RAID 0 speed with 3 disks: 450 MB/s


### 3.2 RAID 1 (Mirroring)
**Theory**: Identical data copies on all disks. Write: Broadcast to all; read: Load-balanced. Recovery: Copy from surviving disk.

**Math**:
- Capacity: C = min(disk_size).
- Read IOPS: n * single; Write IOPS: single.
- Reliability: P(survive) = 1 - (1 - r)^n. E.g., r=0.99, n=2: P≈0.9999.

**Real-World**: Medical research mirroring MRI scans.

**Visualization**:
```
Data: ABC
Disk1: ABC | Disk2: ABC
```

### 3.3 RAID 5 (Striping with Parity)
**Theory**: Stripes data with distributed parity (XOR).

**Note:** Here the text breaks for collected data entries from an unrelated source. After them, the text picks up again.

(* Let $H$ be a Hilbert space, let $a_1,\dots,a_\ell,b_1,\dots,b_\ell\in\mathcal{B}(H)$, and let $T\colon\mathcal{B}(H)\to\mathcal{B}(H)$ be the elementary operator $Tx=\sum_{j=1}^\ell a_jxb_j$. Then \[ \|T\|=\sup_{p_1,p_2}\left\|\sum_{j=1}^\ell (p_1a_j)\otimes(b_jp_2)\right\|_h, \] where the supremum is over all rank one orthogonal projections $p_1,p_2\in\mathcal{B}(H)$ (i.e. $p_i^2=p_i=p_i^*$ of rank one).
   Context: $\|T\|$ is the operator norm of $T$ on $\mathcal{B}(H)$ with the operator norm. $\|\cdot\|_h$ is the Haagerup tensor norm on $\mathcal{B}(H)\otimes\mathcal{B}(H)$: for $u\in\mathcal{B}(H)\otimes\mathcal{B}(H)$, $\|u\|_h=\inf\left\{\left\|\sum_{j=1}^n c_jc_j^*\right\|^{1/2}\left\|\sum_{j=1}^n d_j^*d_j\right\|^{1/2}\right\}$, the infimum over all representations $u=\sum_{j=1}^n c_j\otimes d_j$. *)

theory Defs
  imports "HOL-Analysis.Analysis"
begin

text \<open>The distribution has no complex Hilbert spaces, so we introduce them as a type class.
  The inner product is conjugate-linear in the first and linear in the second argument.\<close>

class complex_inner = real_normed_vector +
  fixes scaleC :: "complex \<Rightarrow> 'a \<Rightarrow> 'a"
    and cinner :: "'a \<Rightarrow> 'a \<Rightarrow> complex"
  assumes scaleC_add_right: "scaleC c (x + y) = scaleC c x + scaleC c y"
    and scaleC_add_left: "scaleC (b + c) x = scaleC b x + scaleC c x"
    and scaleC_scaleC: "scaleC b (scaleC c x) = scaleC (b * c) x"
    and scaleC_one: "scaleC 1 x = x"
    and scaleR_scaleC: "scaleR r x = scaleC (complex_of_real r) x"
    and cinner_add_right: "cinner x (y + z) = cinner x y + cinner x z"
    and cinner_scaleC_right: "cinner x (scaleC c y) = c * cinner x y"
    and cinner_commute: "cinner y x = cnj (cinner x y)"
    and cinner_eq_zero_iff: "cinner x x = 0 \<longleftrightarrow> x = 0"
    and cinner_ge_zero: "0 \<le> Re (cinner x x)"
    and norm_eq_sqrt_cinner: "norm x = sqrt (Re (cinner x x))"

class chilbert_space = complex_inner + complete_space

definition bounded_clinear :: "('a::complex_inner \<Rightarrow> 'a) \<Rightarrow> bool" where
  "bounded_clinear f \<longleftrightarrow>
     (\<forall>x y. f (x + y) = f x + f y) \<and>
     (\<forall>c x. f (scaleC c x) = scaleC c (f x)) \<and>
     (\<exists>K. \<forall>x. norm (f x) \<le> norm x * K)"

definition cadj :: "('a::complex_inner \<Rightarrow> 'a) \<Rightarrow> ('a \<Rightarrow> 'a)" where
  "cadj a = (THE b. \<forall>x y. cinner (a x) y = cinner x (b y))"

definition rank_one_projection :: "('a::complex_inner \<Rightarrow> 'a) \<Rightarrow> bool" where
  "rank_one_projection p \<longleftrightarrow>
     bounded_clinear p \<and> p \<circ> p = p \<and> cadj p = p \<and>
     (\<exists>v. v \<noteq> 0 \<and> range p = {scaleC c v | c. True})"

definition elem_op :: "nat \<Rightarrow> (nat \<Rightarrow> 'a::complex_inner \<Rightarrow> 'a) \<Rightarrow> (nat \<Rightarrow> 'a \<Rightarrow> 'a)
    \<Rightarrow> ('a \<Rightarrow> 'a) \<Rightarrow> ('a \<Rightarrow> 'a)" where
  "elem_op l a b x = (\<lambda>h. \<Sum>j\<in>{1..l}. a j (x (b j h)))"

definition elem_op_norm :: "nat \<Rightarrow> (nat \<Rightarrow> 'a::complex_inner \<Rightarrow> 'a) \<Rightarrow> (nat \<Rightarrow> 'a \<Rightarrow> 'a) \<Rightarrow> real" where
  "elem_op_norm l a b =
     Sup {onorm (elem_op l a b x) | x. bounded_clinear x \<and> onorm x \<le> 1}"

text \<open>An element of the algebraic tensor product is given by a representation
  sum_j c_j \<otimes> d_j, i.e. a list of pairs (c_j, d_j). Two representations define the same
  tensor iff they agree on all products of linear functionals on B(H)
  (the standard realisation of V \<otimes> W inside bilinear forms on V' \<times> W').\<close>

definition clinear_functional :: "(('a::complex_inner \<Rightarrow> 'a) \<Rightarrow> complex) \<Rightarrow> bool" where
  "clinear_functional \<phi> \<longleftrightarrow>
     (\<forall>x y. bounded_clinear x \<longrightarrow> bounded_clinear y \<longrightarrow> \<phi> (\<lambda>h. x h + y h) = \<phi> x + \<phi> y) \<and>
     (\<forall>c x. bounded_clinear x \<longrightarrow> \<phi> (\<lambda>h. scaleC c (x h)) = c * \<phi> x)"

Write: Compute P = D1 XOR D2 ... Dn-1. Recovery: Reconstruct via XOR. Deprecated for large drives due to 'write hole' and URE risks.

**Math**:
- Capacity: C = (n-1) * min(size).
- Parity: XOR (e.g., 3^5^7=1 in binary).
- Example: 4x 1TB: C=3TB. Blocks 3,5,7: P=011^101^111=001. Lose 5: 011^001^111=101.

**Real-World**: CERN’s LHC stores petabytes with RAID 5.

**Visualization**:
```
Stripe1: D1 D2 P(D1^D2)
Stripe2: D3 P(D3^D4) D4
```

In [ ]:
# Simulate RAID 5 parity
def raid5_parity(data_blocks):
    import numpy as np
    return np.bitwise_xor.reduce(data_blocks)

blocks = [3, 5, 7]  # Binary: 011, 101, 111
parity = raid5_parity(blocks)
print(f'Parity: {parity} (Binary: {bin(parity)[2:].zfill(3)})')
# Rebuild if lose block 5
remaining = [3, parity, 7]
rebuilt = raid5_parity(remaining)
print(f'Rebuilt block: {rebuilt}')

Parity: 1 (Binary: 001)
Rebuilt block: 5


### 3.4 RAID 6 and 10
**RAID 6**: Double parity for two failures. Capacity: (n-2) * size.
**RAID 10**: Mirrored stripes. Capacity: n/2 * size.
**Real-World**: NOAA (RAID 6), Tesla (RAID 10).

## 4. Advanced Topics for Researchers

**File Systems**:
- **ZFS**: RAID-Z integrates parity, snapshots for versioning.
- **Btrfs**: Similar, with subvolume support.

**2025 Trends**:
- NVMe RAID for ultra-fast SSDs.
- AI-driven controllers optimize rebuilds.

**Research Directions**:
- Scalability: RAID for exabyte-scale HPC.
- AI: Predictive failure detection.

**Case Study**: CERN uses RAID 6 for 500PB of LHC data, ensuring no loss during analysis.

## 5. Tools and Software

**mdadm**: Linux RAID.
```bash
sudo apt install mdadm
sudo mdadm --create /dev/md0 --level=5 --raid-devices=3 /dev/sdb /dev/sdc /dev/sdd
sudo mkfs.ext4 /dev/md0
sudo mkdir /mnt/research
sudo mount /dev/md0 /mnt/research
```
**ZFS**: `sudo apt install zfsutils-linux`.

## 6. Mini and Major Projects

**Mini Project**: Simulate RAID 5 parity and rebuild in Python.
**Major Project**: Design a 100TB genomics storage system with RAID 6 and ZFS, simulate failure recovery.

## 7. Additional Topics

**LVM**: Flexible resizing.
**Erasure Coding**: Advanced parity for cloud.
**Research Tip**: Simulate RAID failures in VMs to study rebuild times.